• What needs to be done
State the number of lines in the material below that contain the word "connected", without any other text.

• Input for this task
definition symmetric_design :: "'p set \<Rightarrow> 'p set set \<Rightarrow> nat \<Rightarrow> nat \<Rightarrow> nat \<Rightarrow> bool" where
  "symmetric_design X B v k lam \<longleftrightarrow>
     finite X \<and> card X = v \<and> card B = v \<and>
     (\<forall>b\<in>B. b \<subseteq> X \<and> card b = k) \<and>
     (\<forall>x\<in>X. \<forall>y\<in>X. x \<noteq> y \<longrightarrow> card {b\<in>B. x \<in> b \<and> y \<in> b} = lam) \<and>
     (\<forall>b\<in>B. \<forall>c\<in>B. b \<noteq> c \<longrightarrow> card (b \<inter> c) = lam)"

definition inc_vertices :: "'p set \<Rightarrow> 'p set set \<Rightarrow> ('p + 'p set) set" where
  "inc_vertices X B = Inl ` X \<union> Inr ` B"

fun inc_adj :: "'p set \<Rightarrow> 'p set set \<Rightarrow> ('p + 'p set) \<Rightarrow> ('p + 'p set) \<Rightarrow> bool" where
  "inc_adj X B (Inl x) (Inr b) \<longleftrightarrow> x \<in> X \<and> b \<in> B \<and> x \<in> b"
| "inc_adj X B (Inr b) (Inl x) \<longleftrightarrow> x \<in> X \<and> b \<in> B \<and> x \<in> b"
| "inc_adj X B _ _ \<longleftrightarrow> False"

definition is_walk :: "('a \<Rightarrow> 'a \<Rightarrow> bool) \<Rightarrow> 'a list \<Rightarrow> 'a \<Rightarrow> 'a \<Rightarrow> bool" where
  "is_walk E p u w \<longleftrightarrow> p \<noteq> [] \<and> hd p = u \<and> last p = w \<and>
     (\<forall>i. Suc i < length p \<longrightarrow> E (p ! i) (p ! Suc i))"

text \<open>Graph distance: least number of edges of a walk (used only on connected graphs).\<close>
definition graph_dist :: "('a \<Rightarrow> 'a \<Rightarrow> bool) \<Rightarrow> 'a \<Rightarrow> 'a \<Rightarrow> nat" where
  "graph_dist E u w = (LEAST n. \<exists>p. is_walk E p u w \<and> length p = Suc n)"

definition resolving_set :: "'a set \<Rightarrow> ('a \<Rightarrow> 'a \<Rightarrow> bool) \<Rightarrow> 'a set \<Rightarrow> bool" where
  "resolving_set V E S \<longleftrightarrow> S \<subseteq> V \<and>
     (\<forall>u\<in>V. \<forall>w\<in>V. u \<noteq> w \<longrightarrow> (\<exists>s\<in>S. graph_dist E u s \<noteq> graph_dist E w s))"

definition metric_dimension :: "'a set \<Rightarrow> ('a \<Rightarrow> 'a \<Rightarrow> bool) \<Rightarrow> nat" where
  "metric_dimension V E = (LEAST m. \<exists>S. resolving_set V E S \<and> finite S \<and> card S = m)"

end

(*
  The incidence graph is bipartite and, as any two points lie on a common block, connected.
  A point and a block are therefore told apart by the parity of their distances to any fixed
  point; two points by a block containing exactly one of them, and two blocks by a point of
  their symmetric difference, since distance 1 means incidence.  So a resolving set is formed
  by a set P of points meeting the symmetric difference of any two blocks together with a set
  Q of blocks meeting, for any two points, the blocks separating them.  All these sets have
  exactly 2 (k - lam) elements, and the greedy hitting-set bound gives
  |P|, |Q| <= v / (k - lam) * ln v + 1.  Finally the identity lam (v - 1) = k (k - 1), applied
  to the design and to its complement, forces v <= 4 (k - lam)^2, so v / (k - lam) <= 2 sqrt v.
*)

theory Submission
  imports Defs
begin

section \<open>Greedy hitting sets\<close>

lemma exists_element_in_many_sets:
  assumes U: "finite U" and I: "finite I" "I \<noteq> {}" and m: "0 < m"
    and large: "\<And>i. i \<in> I \<Longrightarrow> A i \<subseteq> U \<and> m \<le> card (A i)"
  shows "\<exists>e\<in>U. m * card I \<le> card U * card {i\<in>I. e \<in> A i}"
proof (rule ccontr)
  assume "\<not> ?thesis"
  moreover have "U \<noteq> {}"
    using I(2) large m by fastforce
  ultimately have "(\<Sum>e\<in>U. card U * card {i\<in>I. e \<in> A i}) < (\<Sum>e\<in>U. m * card I)"
    using U by (intro sum_strict_mono) auto
  also have "\<dots> = card U * (m * card I)" by simp
  finally have "(\<Sum>e\<in>U. card {i\<in>I. e \<in> A i}) < m * card I"
    by (simp add: sum_distrib_left[symmetric])
  moreover have "(\<Sum>e\<in>U. card {i\<in>I. e \<in> A i}) = (\<Sum>i\<in>I. card {e\<in>U. e \<in> A i})"
    using U I(1) by (rule sum_multicount_gen) simp
  moreover have "card {e\<in>U. e \<in> A i} = card (A i)" if "i \<in> I" for i
  proof -
    have "{e\<in>U. e \<in> A i} = A i" using large[OF that] by blast
    then show ?thesis by simp
  qed
  ultimately have "(\<Sum>i\<in>I. card (A i)) < m * card I" by simp
  moreover have "m * card I \<le> (\<Sum>i\<in>I. card (A i))"
    using sum_bounded_below[of I m "\<lambda>i. card (A i)"] large by (simp add: mult.commute)
  ultimately show False by simp
qed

• Answer to the exercise
2